====== SUPPLIED RECORDS

(* Let $\ell\in\mathbb R^r$ be a generic length vector with positive, weakly increasing coordinates. If there is an $\ell$-long subset $J\subset[r]$ with $\#J=\mu(\ell)$, then $\ell$ is equivalent to the length vector $(0,\dots,0,1,\dots,1)$ whose last $2\mu(\ell)-1$ coordinates equal $1$ and whose first $r-2\mu(\ell)+1$ coordinates equal $0$.
   Context: $[r]=\{1,\dots,r\}$. A length vector $\ell\in\mathbb R^r$ is generic if $\sum_{j\in J}\ell_j\ne\sum_{j\notin J}\ell_j$ for every $J\subset[r]$; $J$ is $\ell$-long if $\sum_{j\in J}\ell_j>\sum_{j\notin J}\ell_j$ and $\ell$-short otherwise. Two generic length vectors are equivalent ($\sim$) if they have the same long (equivalently, short) subsets. $\sigma_\ell(J)=\#\{j\in J: J\setminus\{j\}\text{ is }\ell\text{-short}\}$ and $\mu(\ell)=\min\{\sigma_\ell(J): J\text{ }\ell\text{-long},\ \sigma_\ell(J)>0\}$. *)

theory Defs
  imports Complex_Main
begin

text \<open>Length vectors in R^r are functions nat => real, only indices 1..r matter.\<close>

definition long_set :: "nat \<Rightarrow> (nat \<Rightarrow> real) \<Rightarrow> nat set \<Rightarrow> bool" where
  "long_set r l J \<longleftrightarrow> (\<Sum>j\<in>J. l j) > (\<Sum>j\<in>{1..r} - J. l j)"

definition short_set :: "nat \<Rightarrow> (nat \<Rightarrow> real) \<Rightarrow> nat set \<Rightarrow> bool" where
  "short_set r l J \<longleftrightarrow> \<not> long_set r l J"

definition generic :: "nat \<Rightarrow> (nat \<Rightarrow> real) \<Rightarrow> bool" where
  "generic r l \<longleftrightarrow> (\<forall>J. J \<subseteq> {1..r} \<longrightarrow> (\<Sum>j\<in>J. l j) \<noteq> (\<Sum>j\<in>{1..r} - J. l j))"

definition equiv_lv :: "nat \<Rightarrow> (nat \<Rightarrow> real) \<Rightarrow> (nat \<Rightarrow> real) \<Rightarrow> bool" where
  "equiv_lv r l l' \<longleftrightarrow> generic r l \<and> generic r l' \<and>
     (\<forall>J. J \<subseteq> {1..r} \<longrightarrow> (long_set r l J \<longleftrightarrow> long_set r l' J))"

definition sigma_lv :: "nat \<Rightarrow> (nat \<Rightarrow> real) \<Rightarrow> nat set \<Rightarrow> nat" where
  "sigma_lv r l J = card {j \<in> J. short_set r l (J - {j})}"

definition mu_lv :: "nat \<Rightarrow> (nat \<Rightarrow> real) \<Rightarrow> nat" where
  "mu_lv r l = Min {sigma_lv r l J | J. J \<subseteq> {1..r} \<and> long_set r l J \<and> sigma_lv r l J > 0}"

text \<open>The vector (0,..,0,1,..,1) with last 2m-1 coordinates 1 and first r-2m+1 coordinates 0:
  index i is 1 iff i >= r - 2m + 2.\<close>
definition zero_one_lv :: "nat \<Rightarrow> nat \<Rightarrow> (nat \<Rightarrow> real)" where
  "zero_one_lv r m = (\<lambda>i. if r + 2 \<le> i + 2 * m then 1 else 0)"

end

theory Submission
  imports Defs
begin

text \<open>Every long set has at least \<open>\<mu> = \<mu>(\<ell>)\<close> elements (a long set \<open>J\<close> from which no
  element can be dropped keeping it long has \<open>\<sigma>(J) = #J\<close>), and genericity then forces
  \<open>2\<mu> \<le> r + 1\<close>. Put \<open>a = r + 2 - 2\<mu>\<close> and \<open>T = {a..r}\<close>, so \<open>#T = 2\<mu> - 1\<close>. The top window
  \<open>{r+1-\<mu>..r}\<close> dominates the given long \<open>\<mu>\<close>-set, hence is long, and windows of length \<open>\<mu>\<close>
  can be shifted down through \<open>T\<close> without becoming short. Once the bottom window
  \<open>{a..<a+\<mu>}\<close> is long, monotonicity makes every set meeting \<open>T\<close> in fewer than \<open>\<mu>\<close> points
  short, and complementation makes every set meeting \<open>T\<close> in at least \<open>\<mu>\<close> points long:
  this is exactly the long/short structure of \<open>(0,\<dots>,0,1,\<dots>,1)\<close>.\<close>

lemma sum_le_sum_top_interval:
  fixes l :: "nat \<Rightarrow> 'a::ordered_comm_monoid_add"
  assumes "mono_on {1..n} l" and "A \<subseteq> {1..n}"
  shows "sum l A \<le> sum l {n+1-card A..n}"
  using assms
proof (induction n arbitrary: A)
  case 0
  then show ?case by simp
next
  case (Suc n)
  have fin: "finite A" using Suc.prems(2) finite_subset by blast
  have mono_n: "mono_on {1..n} l" using Suc.prems(1) by (rule mono_on_subset) auto
  show ?case
  proof (cases "Suc n \<in> A")
    case True
    have sub: "A - {Suc n} \<subseteq> {1..n}" using Suc.prems(2) by auto
    have card: "card (A - {Suc n}) = card A - 1" "1 \<le> card A" "card A \<le> Suc n"
      using True fin card_mono[OF _ Suc.prems(2)] by (auto simp: Suc_le_eq card_gt_0_iff)
    have "sum l A = l (Suc n) + sum l (A - {Suc n})" using True fin by (simp add: sum.remove)
    also have "\<dots> \<le> l (Suc n) + sum l {n+1-card (A - {Suc n})..n}"
      using Suc.IH[OF mono_n sub] by (rule add_left_mono)
    also have "\<dots> = sum l {Suc n+1-card A..Suc n}"
      using card by (simp add: atLeastAtMostSuc_conv Suc_diff_le)
    finally show ?thesis .
  next
    case False
    have sub: "A \<subseteq> {1..n}" using Suc.prems(2) False by (auto simp: le_Suc_eq)
    have card: "card A \<le> n" using card_mono[OF _ sub] by simp
    have "sum l A \<le> sum l {n+1-card A..n}" using Suc.IH[OF mono_n sub] .
    also have "\<dots> \<le> (\<Sum>i = n+1-card A..n. l (Suc i))"
      using card by (intro sum_mono mono_onD[OF Suc.prems(1)]) auto
    also have "\<dots> = sum l {Suc n+1-card A..Suc n}"
      using card by (simp add: sum.shift_bounds_cl_Suc_ivl[symmetric] Suc_diff_le)
    finally show ?thesis .
  qed
qed

lemma long_set_iff:
  assumes "K \<subseteq> {1..r}"
  shows "long_set r l K \<longleftrightarrow> sum l {1..r} < 2 * sum l K"
proof -
  have "sum l ({1..r} - K) = sum l {1..r} - sum l K" using assms by (intro sum_diff) auto
  then show ?thesis unfolding long_set_def by linarith
qed

lemma long_set_sum_le:
  assumes "long_set r l K" and "sum l K \<le> sum l K'"
    and "K \<subseteq> {1..r}" and "K' \<subseteq> {1..r}"
  shows "long_set r l K'"
  using assms long_set_iff[of K r l] long_set_iff[of K' r l] by auto

lemma generic_iff: "generic r l \<longleftrightarrow> (\<forall>K \<subseteq> {1..r}. 2 * sum l K \<noteq> sum l {1..r})"
proof -
  have "sum l K \<noteq> sum l ({1..r} - K) \<longleftrightarrow> 2 * sum l K \<noteq> sum l {1..r}" if "K \<subseteq> {1..r}" for K
  proof -
    have "sum l ({1..r} - K) = sum l {1..r} - sum l K" using that by (intro sum_diff) auto
    then show ?thesis by linarith
  qed
  then show ?thesis unfolding generic_def by blast
qed

locale generic_length_vector =
  fixes r :: nat and l :: "nat \<Rightarrow> real"
  assumes generic: "generic r l"
    and nonneg: "\<And>i. i \<in> {1..r} \<Longrightarrow> 0 \<le> l i"
begin

lemma total_pos: "0 < sum l {1..r}"
proof -
  have "0 \<le> sum l {1..r}" by (intro sum_nonneg nonneg)
  moreover have "2 * sum l {1..r} \<noteq> sum l {1..r}"
    using generic unfolding generic_iff by blast
  ultimately show ?thesis by linarith
qed

lemma long_set_compl_iff:
  assumes "K \<subseteq> {1..r}"
  shows "long_set r l ({1..r} - K) \<longleftrightarrow> \<not> long_set r l K"
proof -
  have "sum l ({1..r} - K) = sum l {1..r} - sum l K" using assms by (intro sum_diff) auto
  moreover have "2 * sum l K \<noteq> sum l {1..r}" using generic assms by (simp add: generic_iff)
  ultimately show ?thesis using assms by (simp add: long_set_iff) linarith
qed

lemma long_set_nonempty: "long_set r l K \<Longrightarrow> K \<noteq> {}"
  using total_pos by (auto simp: long_set_def)

lemma mu_le_sigma:
  assumes "K \<subseteq> {1..r}" and "long_set r l K" and "0 < sigma_lv r l K"
  shows "mu_lv r l \<le> sigma_lv r l K"
proof -
  have "finite {sigma_lv r l J | J. J \<subseteq> {1..r} \<and> long_set r l J \<and> 0 < sigma_lv r l J}"
    by (rule finite_subset[of _ "sigma_lv r l ` Pow {1..r}"]) auto
  then show ?thesis unfolding mu_lv_def using assms by (intro Min_le) auto
qed

lemma mu_le_card:
  assumes "K \<subseteq> {1..r}" and "long_set r l K"
  shows "mu_lv r l \<le> card K"
  using assms
proof (induction "card K" arbitrary: K rule: less_induct)
  case less
  have fin: "finite K" using less.prems(1) finite_subset by blast
  show ?case
  proof (cases "\<exists>j\<in>K. long_set r l (K - {j})")
    case True
    then obtain j where j: "j \<in> K" "long_set r l (K - {j})" by blast
    have "mu_lv r l \<le> card (K - {j})"
      using less.hyps[OF card_Diff1_less[OF fin j(1)]] less.prems(1) j(2) by blast
    then show ?thesis using card_Diff1_le[of K j] by linarith
  next
    case False
    then have "{j \<in> K. short_set r l (K - {j})} = K" unfolding short_set_def by auto
    then have "sigma_lv r l K = card K" unfolding sigma_lv_def by simp
    moreover have "0 < card K" using fin long_set_nonempty[OF less.prems(2)] by auto
    ultimately show ?thesis using mu_le_sigma[OF less.prems] by simp
  qed
qed

lemma one_le_mu:
  assumes "J \<subseteq> {1..r}" and "long_set r l J" and "card J = mu_lv r l"
  shows "1 \<le> mu_lv r l"
proof -
  have "finite J" using assms(1) finite_subset by blast
  then have "0 < card J" using long_set_nonempty[OF assms(2)] by auto
  then show ?thesis using assms(3) by simp
qed

lemma two_mu_le: "2 * mu_lv r l \<le> r + 1"
proof (rule ccontr)
  let ?m = "mu_lv r l"
  assume less: "\<not> 2 * ?m \<le> r + 1"
  have "long_set r l {1..r}" using total_pos by (simp add: long_set_iff)
  then have "?m \<le> r" using mu_le_card[of "{1..r}"] by simp
  then have A: "{1..?m - 1} \<subseteq> {1..r}" by auto
  have compl: "{1..r} - {1..?m - 1} = {?m..r}" using less by auto
  have "\<not> long_set r l {1..?m - 1}" using mu_le_card[OF A] less by fastforce
  moreover have "\<not> long_set r l ({1..r} - {1..?m - 1})"
    using mu_le_card[of "{?m..r}"] compl less by fastforce
  ultimately show False using long_set_compl_iff[OF A] by blast
qed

============

Write out the listing's lines exactly, from its first line through the line that contains "J \<longleftrightarrow> \<not>", and stop there.

◆ **ANSWER TO THE EXERCISE**
(* Let $\ell\in\mathbb R^r$ be a generic length vector with positive, weakly increasing coordinates. If there is an $\ell$-long subset $J\subset[r]$ with $\#J=\mu(\ell)$, then $\ell$ is equivalent to the length vector $(0,\dots,0,1,\dots,1)$ whose last $2\mu(\ell)-1$ coordinates equal $1$ and whose first $r-2\mu(\ell)+1$ coordinates equal $0$.
   Context: $[r]=\{1,\dots,r\}$. A length vector $\ell\in\mathbb R^r$ is generic if $\sum_{j\in J}\ell_j\ne\sum_{j\notin J}\ell_j$ for every $J\subset[r]$; $J$ is $\ell$-long if $\sum_{j\in J}\ell_j>\sum_{j\notin J}\ell_j$ and $\ell$-short otherwise. Two generic length vectors are equivalent ($\sim$) if they have the same long (equivalently, short) subsets. $\sigma_\ell(J)=\#\{j\in J: J\setminus\{j\}\text{ is }\ell\text{-short}\}$ and $\mu(\ell)=\min\{\sigma_\ell(J): J\text{ }\ell\text{-long},\ \sigma_\ell(J)>0\}$. *)

theory Defs
  imports Complex_Main
begin

text \<open>Length vectors in R^r are functions nat => real, only indices 1..r matter.\<close>

definition long_set :: "nat \<Rightarrow> (nat \<Rightarrow> real) \<Rightarrow> nat set \<Rightarrow> bool" where
  "long_set r l J \<longleftrightarrow> (\<Sum>j\<in>J. l j) > (\<Sum>j\<in>{1..r} - J. l j)"

definition short_set :: "nat \<Rightarrow> (nat \<Rightarrow> real) \<Rightarrow> nat set \<Rightarrow> bool" where
  "short_set r l J \<longleftrightarrow> \<not> long_set r l J"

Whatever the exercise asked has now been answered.